[Python-Dev] Re: The Dictionary Gem is polished!

Dec. 19, 2000

      Again...

Tim Peters wrote:
...
Sounds good to me!  It's a very cheap way to get the high bits into play.
...
...
[Christian]
...
- The bits used from the string hash are not well distributed
- using a "warmup wheel" on the hash to suck all bits in
  gives the same quality of hashes like random numbers.
See above and be very cautious:  none of Python's hash functions produce
well-distributed bits, and-- in effect --that's why Python dicts often
perform "better than random" on common data.  Even what you've done so far
appears to provide marginally worse statistics for Guido's favorite kind of
test case ("worse" in two senses:  total number of collisions (a measure of
amortized lookup cost), and maximum collision chain length (a measure of
worst-case lookup cost)):
d = {}
   for i in range(N):
       d[repr(i)] = i
I will look into this.
...
check-in-one-thing-then-let-it-simmer-ly y'rs  - tim
Are you saying I should check the thing in? Really?

In another reply to this message I was saying
"""
This is why I think to be even more conservative:
Try to use a division wheel, but with the inverses
of the original primitive roots, just in order to
get at Guido's results :-)
"""

This was a religious desire, but such an inverse cannot exist.
Well, all inverses exists, but it is an error to think
that they can produce similar bit patterns. Changing the
root means changing the whole system, since we have just
a *representation* of a goup, via polynomial coefficients.

A simple example which renders my thought useless is this:
There is no general pattern that can turn a physical right
shift into a left shift, for all bit combinations.

Anyway, how can I produce a nearly complete scheme like today
with the same "cheaper than random" properties?

Ok, we have to stick with the given polymomials to stay
compatible, and we also have to shift left.
How do we then rotate the random bits in?
Well, we can in fact do a rotation of the whole index, moving
the highest bit into the lowest.
Too bad that this isn't supported in C. It is a native
machine instruction on X86 machines.

We would then have:

                incr = ROTATE_LEFT(incr, 1)
                if (incr > mask):
                    incr = incr ^ mp.ma_poly

The effect is similar to the "old" algorithm, bits are shiftet
left. Only if the hash happens to have hight bits, they appear
in the modulus.
On the current "faster than random" cases, I assume that
high bits in the hash are less likely than low bits, so it is
more likely that an entry finds its good place in the dict,
before bits are rotated in. hence the "good" cases would be kept.

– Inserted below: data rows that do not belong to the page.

(* For every $n\ge 1$, the map $\Phi:\mathfrak{W}_n\to\mathcal{S}_n$ defined below is well defined (its output is a snake of length $n$) and is a bijection.
   Context: Let $[n]=\{1,\dots,n\}$ and let $\mathfrak{S}_n$ be the set of permutations of $[n]$, written in one-line notation $\sigma=\sigma_1\cdots\sigma_n$. A signed permutation of length $n$ is a word $p_1\cdots p_n$ with $p_i\in\{\pm1,\dots,\pm n\}$ such that $|p_1|\cdots|p_n|\in\mathfrak{S}_n$. A snake of length $n$ is a signed permutation with $p_1>0$ and $p_1>p_2<p_3>p_4<\cdots$ (strict inequalities alternating, starting with a descent). Let $\mathcal{S}_n$ denote the set of snakes of length $n$. A weakly increasing 3-dimensional permutation (3-WIP) of length $n$ is a pair $(\sigma,\pi)\in\mathfrak{S}_n^2$ with $\max(\sigma_1,\pi_1)\le\max(\sigma_2,\pi_2)\le\cdots\le\max(\sigma_n,\pi_n)$. Let $\mathfrak{W}_n$ be the set of these. For $\tau\in\mathfrak{S}_n$, a letter $k\in\{2,\dots,n\}$ is a cycle peak of $\tau$ if $\tau^{-1}(k)<k>\tau(k)$. The standard cycle form of $\tau$ writes each cycle with its largest element first and lists the cycles from left to right in increasing order of their largest elements. Foata's map $f:\mathfrak{S}_n\to\mathfrak{S}_n$ sends $\tau$ to the word obtained by erasing the parentheses of the standard cycle form of $\tau$. For a word $t=t_1\cdots t_n\in\mathfrak{S}_n$, set $t_0=0$, $t_{n+1}=+\infty$. Then $t_i$ is a left peak if $t_{i-1}<t_i>t_{i+1}$, and a right valley if $t_{i-1}>t_i<t_{i+1}$. Definition of $\Phi(\sigma,\pi)$ for $(\sigma,\pi)\in\mathfrak{W}_n$: (1) Let $\tau\in\mathfrak{S}_n$ be the permutation with $\tau(\sigma_i)=\pi_i$ for all $i$. Call a letter $k$ hatted if $k$ is a cycle peak of $\tau$ and there exists $\ell\in[n-1]$ with $\sigma_\ell=\pi_{\ell+1}=k$. (2) Let $\tilde\tau=f(\tau)$. The hatted letters keep their hats; they are left peaks of $\tilde\tau$. (3) Associate each right valley $\tilde\tau_i$ of $\tilde\tau$ with the left peak $\tilde\tau_j$ having the largest index $j<i$. Define $\Phi(\sigma,\pi)=p_1\cdots p_n$ by $p_i=-\tilde\tau_i$ if either (a) $i$ is even and $\tilde\tau_i$ is not a right valley, or (b) $\tilde\tau_i$ is a right valley whose associated left peak is hatted; and $p_i=\tilde\tau_i$ otherwise. Example: $(\sigma,\pi)=(152673894,\,256317849)$ gives $\tau=(5)(\hat7,1,2,6,3)(8)(\hat9,4)$, then $\tilde\tau=5\,\hat7\,1\,2\,6\,3\,8\,\hat9\,4$, and finally $\Phi(\sigma,\pi)=5\,\bar7\,\bar1\,\bar2\,6\,3\,8\,\bar9\,\bar4$, where $\bar k$ means $-k$. *)

theory Defs
  imports Main
begin
text \<open>Level 1: open families are defined by \<Sigma>_1 formulas \<exists>k. \<beta>, closed families by \<Pi>_1
  formulas \<forall>k. \<not> \<beta> (the complement being open).\<close>

lemma level_one_families_definable:
  shows "(\<forall>xs. length xs = d \<longrightarrow> A xs \<in> bSigma (Suc 0)) \<Longrightarrow> \<exists>\<phi>. isSigma (Suc 0) \<phi> \<and> defines_family d \<phi> A"
    and "(\<forall>xs. length xs = d \<longrightarrow> A xs \<in> bPi (Suc 0)) \<Longrightarrow> \<exists>\<phi>. isPi (Suc 0) \<phi> \<and> defines_family d \<phi> A"
proof -
  assume "\<forall>xs. length xs = d \<longrightarrow> A xs \<in> bSigma (Suc 0)"
  then obtain \<beta> V where \<beta>: "qfree \<beta>" "defines_family (Suc d) \<beta> V"
    and A: "\<forall>xs. length xs = d \<longrightarrow> A xs = (\<Union>k. V (xs @ [k]))"
    using open_family_cylinder_formula[of d A] by auto
  have "defines_family d (FEx d \<beta>) A"
    by (rule defines_family_cong[OF defines_family_quantifiers(1)[OF \<beta>(2)]]) (simp add: A)
  moreover have "isSigma (Suc 0) (FEx d \<beta>)" using \<beta>(1) by simp
  ultimately show "\<exists>\<phi>. isSigma (Suc 0) \<phi> \<and> defines_family d \<phi> A" by blast
next
  assume "\<forall>xs. length xs = d \<longrightarrow> A xs \<in> bPi (Suc 0)"
  then obtain \<beta> V where \<beta>: "qfree \<beta>" "defines_family (Suc d) \<beta> V"
    and A: "\<forall>xs. length xs = d \<longrightarrow> - A xs = (\<Union>k. V (xs @ [k]))"
    using open_family_cylinder_formula[of d "\<lambda>xs. - A xs"] by (auto simp: bPi_def)
  have "defines_family d (FAll d (Neg \<beta>)) A"
    by (rule defines_family_cong[OF defines_family_quantifiers(2)[OF defines_family_Neg[OF \<beta>(2)]]])
      (metis A Compl_UN double_compl)
  moreover have "isPi (Suc 0) (FAll d (Neg \<beta>))" using \<beta>(1) by simp
  ultimately show "\<exists>\<phi>. isPi (Suc 0) \<phi> \<and> defines_family d \<phi> A" by blast
qed

text \<open>In the inductive step the countably many pieces of each
  member are collected into one family with an extra parameter.\<close>

lemma Borel_families_definable:
  "((\<forall>xs. length xs = d \<longrightarrow> A xs \<in> bSigma (Suc n)) \<longrightarrow> (\<exists>\<phi>. isSigma (Suc n) \<phi> \<and> defines_family d \<phi> A))
   \<and> ((\<forall>xs. length xs = d \<longrightarrow> A xs \<in> bPi (Suc n)) \<longrightarrow> (\<exists>\<phi>. isPi (Suc n) \<phi> \<and> defines_family d \<phi> A))"
proof (induction n arbitrary: d A)
  case 0
  show ?case using level_one_families_definable by blast
next
  case (Suc n)
  show ?case
  proof (intro conjI impI)
    assume "\<forall>xs. length xs = d \<longrightarrow> A xs \<in> bSigma (Suc (Suc n))"
    hence "\<forall>xs. \<exists>B. length xs = d \<longrightarrow> (\<forall>i::nat. B i \<in> bPi (Suc n)) \<and> A xs = (\<Union>i. B i)"
      unfolding bSigma_SucSuc_iff by blast
    from choice[OF this] obtain B
      where B: "\<forall>xs. length xs = d \<longrightarrow> (\<forall>i::nat. B xs i \<in> bPi (Suc n)) \<and> A xs = (\<Union>i. B xs i)"
      by blast
    have "\<forall>ys. length ys = Suc d \<longrightarrow> B (butlast ys) (last ys) \<in> bPi (Suc n)"
      using B by simp
    then obtain \<psi> where \<psi>: "isPi (Suc n) \<psi>" "defines_family (Suc d) \<psi> (\<lambda>ys. B (butlast ys) (last ys))"
      using Suc.IH[of "Suc d" "\<lambda>ys. B (butlast ys) (last ys)"] by blast
    have "defines_family d (FEx d \<psi>) A"
      by (rule defines_family_cong[OF defines_family_quantifiers(1)[OF \<psi>(2)]]) (simp add: B)
    moreover have "isSigma (Suc (Suc n)) (FEx d \<psi>)" using \<psi>(1) by simp
    ultimately show "\<exists>\<phi>. isSigma (Suc (Suc n)) \<phi> \<and> defines_family d \<phi> A" by blast
  next
    assume "\<forall>xs. length xs = d \<longrightarrow> A xs \<in> bPi (Suc (Suc n))"
    hence "\<forall>xs. \<exists>C. length xs = d \<longrightarrow> (\<forall>i::nat. C i \<in> bSigma (Suc n)) \<and> A xs = (\<Inter>i. C i)"
      unfolding bPi_SucSuc_iff by blast
    from choice[OF this] obtain C
      where C: "\<forall>xs. length xs = d \<longrightarrow> (\<forall>i::nat. C xs i \<in> bSigma (Suc n)) \<and> A xs = (\<Inter>i. C xs i)"
      by blast
    have "\<forall>ys. length ys = Suc d \<longrightarrow> C (butlast ys) (last ys) \<in> bSigma (Suc n)"
      using C by simp
    then obtain \<psi> where \<psi>: "isSigma (Suc n) \<psi>" "defines_family (Suc d) \<psi> (\<lambda>ys. C (butlast ys) (last ys))"
      using Suc.IH[of "Suc d" "\<lambda>ys. C (butlast ys) (last ys)"] by blast
    have "defines_family d (FAll d \<psi>) A"
      by (rule defines_family_cong[OF defines_family_quantifiers(2)[OF \<psi>(2)]]) (simp add: C)
    moreover have "isPi (Suc (Suc n)) (FAll d \<psi>)" using \<psi>(1) by simp
    ultimately show "\<exists>\<phi>. isPi (Suc (Suc n)) \<phi> \<and> defines_family d \<phi> A" by blast
  qed
qed

lemma defines_family_sentence:
  "defines_family 0 \<phi> (\<lambda>_. S) \<Longrightarrow> sentence \<phi> \<and> S = {f. models f \<phi>}"
  unfolding defines_family_def sentence_def models_def by auto

lemma Sigma_sentences_iff:
  "S \<in> bSigma (Suc m) \<longleftrightarrow> (\<exists>\<phi>. sentence \<phi> \<and> isSigma (Suc m) \<phi> \<and> S = {f. models f \<phi>})"
proof
  assume "S \<in> bSigma (Suc m)"
  then obtain \<phi> where "isSigma (Suc m) \<phi>" "defines_family 0 \<phi> (\<lambda>_. S)"
    using Borel_families_definable[of 0 "\<lambda>_. S" m] by auto
  thus "\<exists>\<phi>. sentence \<phi> \<and> isSigma (Suc m) \<phi> \<and> S = {f. models f \<phi>}"
    using defines_family_sentence by blast
next
  assume "\<exists>\<phi>. sentence \<phi> \<and> isSigma (Suc m) \<phi> \<and> S = {f. models f \<phi>}"
  then obtain \<phi> where "sentence \<phi>" "isSigma (Suc m) \<phi>" "S = {f. models f \<phi>}" by blast
  thus "S \<in> bSigma (Suc m)"
    using models_sentence[of \<phi> "\<lambda>_. 0"] formula_sets_Borel[of m \<phi> "\<lambda>_. 0"] by simp
qed

lemma Pi_sentences_iff:
  "S \<in> bPi (Suc m) \<longleftrightarrow> (\<exists>\<phi>. sentence \<phi> \<and> isPi (Suc m) \<phi> \<and> S = {f. models f \<phi>})"
proof
  assume "S \<in> bPi (Suc m)"
  then obtain \<phi> where "isPi (Suc m) \<phi>" "defines_family 0 \<phi> (\<lambda>_. S)"
    using Borel_families_definable[of 0 "\<lambda>_. S" m] by auto
  thus "\<exists>\<phi>. sentence \<phi> \<and> isPi (Suc m) \<phi> \<and> S = {f. models f \<phi>}"
    using defines_family_sentence by blast
next
  assume "\<exists>\<phi>. sentence \<phi> \<and> isPi (Suc m) \<phi> \<and> S = {f. models f \<phi>}"
  then obtain \<phi> where "sentence \<phi>" "isPi (Suc m) \<phi>" "S = {f. models f \<phi>}" by blast
  thus "S \<in> bPi (Suc m)"
    using models_sentence[of \<phi> "\<lambda>_. 0"] formula_sets_Borel[of m \<phi> "\<lambda>_. 0"] by simp
qed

I did all tests again, now including maximum trip length, and
added a "rotate-left" version as well:

D:\crml_doc\platf\py>python dictest.py
N=1000
trips for strings old=293/9 new=302/7 new2=221/7 rot=278/5
trips for bad integers old=499500/999 new=13187/31 new2=999/1 rot=16754/31
trips for random integers old=360/8 new=369/8 new2=358/6 rot=356/7
trips for windows names old=230/5 new=207/7 new2=200/5 rot=225/5
N=2000
trips for strings old=1093/11 new=1109/10 new2=786/6 rot=1082/8
trips for bad integers old=0/0 new=26455/32 new2=1999/1 rot=33524/34
trips for random integers old=704/7 new=686/8 new2=685/7 rot=693/7
trips for windows names old=503/8 new=542/9 new2=564/6 rot=529/7
N=3000
trips for strings old=810/5 new=839/6 new2=609/5 rot=796/5
trips for bad integers old=0/0 new=38681/36 new2=2999/1 rot=49828/38
trips for random integers old=708/5 new=723/7 new2=724/5 rot=722/6
trips for windows names old=712/6 new=711/5 new2=691/5 rot=738/9
N=4000
trips for strings old=1850/9 new=1843/8 new2=1375/11 rot=1848/10
trips for bad integers old=0/0 new=52994/39 new2=3999/1 rot=66356/38
trips for random integers old=1395/9 new=1397/8 new2=1435/9 rot=1394/13
trips for windows names old=1449/8 new=1434/8 new2=1457/11 rot=1513/9

D:\crml_doc\platf\py>

Concerning trip length, rotate is better than old in most cases.
Random integers seem to withstand any of these procedures.
For bad integers, rot takes naturally more trips than new, since
the path to the bits is longer.

All in all I don't see more than marginal differences between
the approaches, and I tent to stick with "new", since it is
theapest to implement.
(it does not cost anything and might instead be a little cheaper
for some compilers, since it does not reference the mask variable).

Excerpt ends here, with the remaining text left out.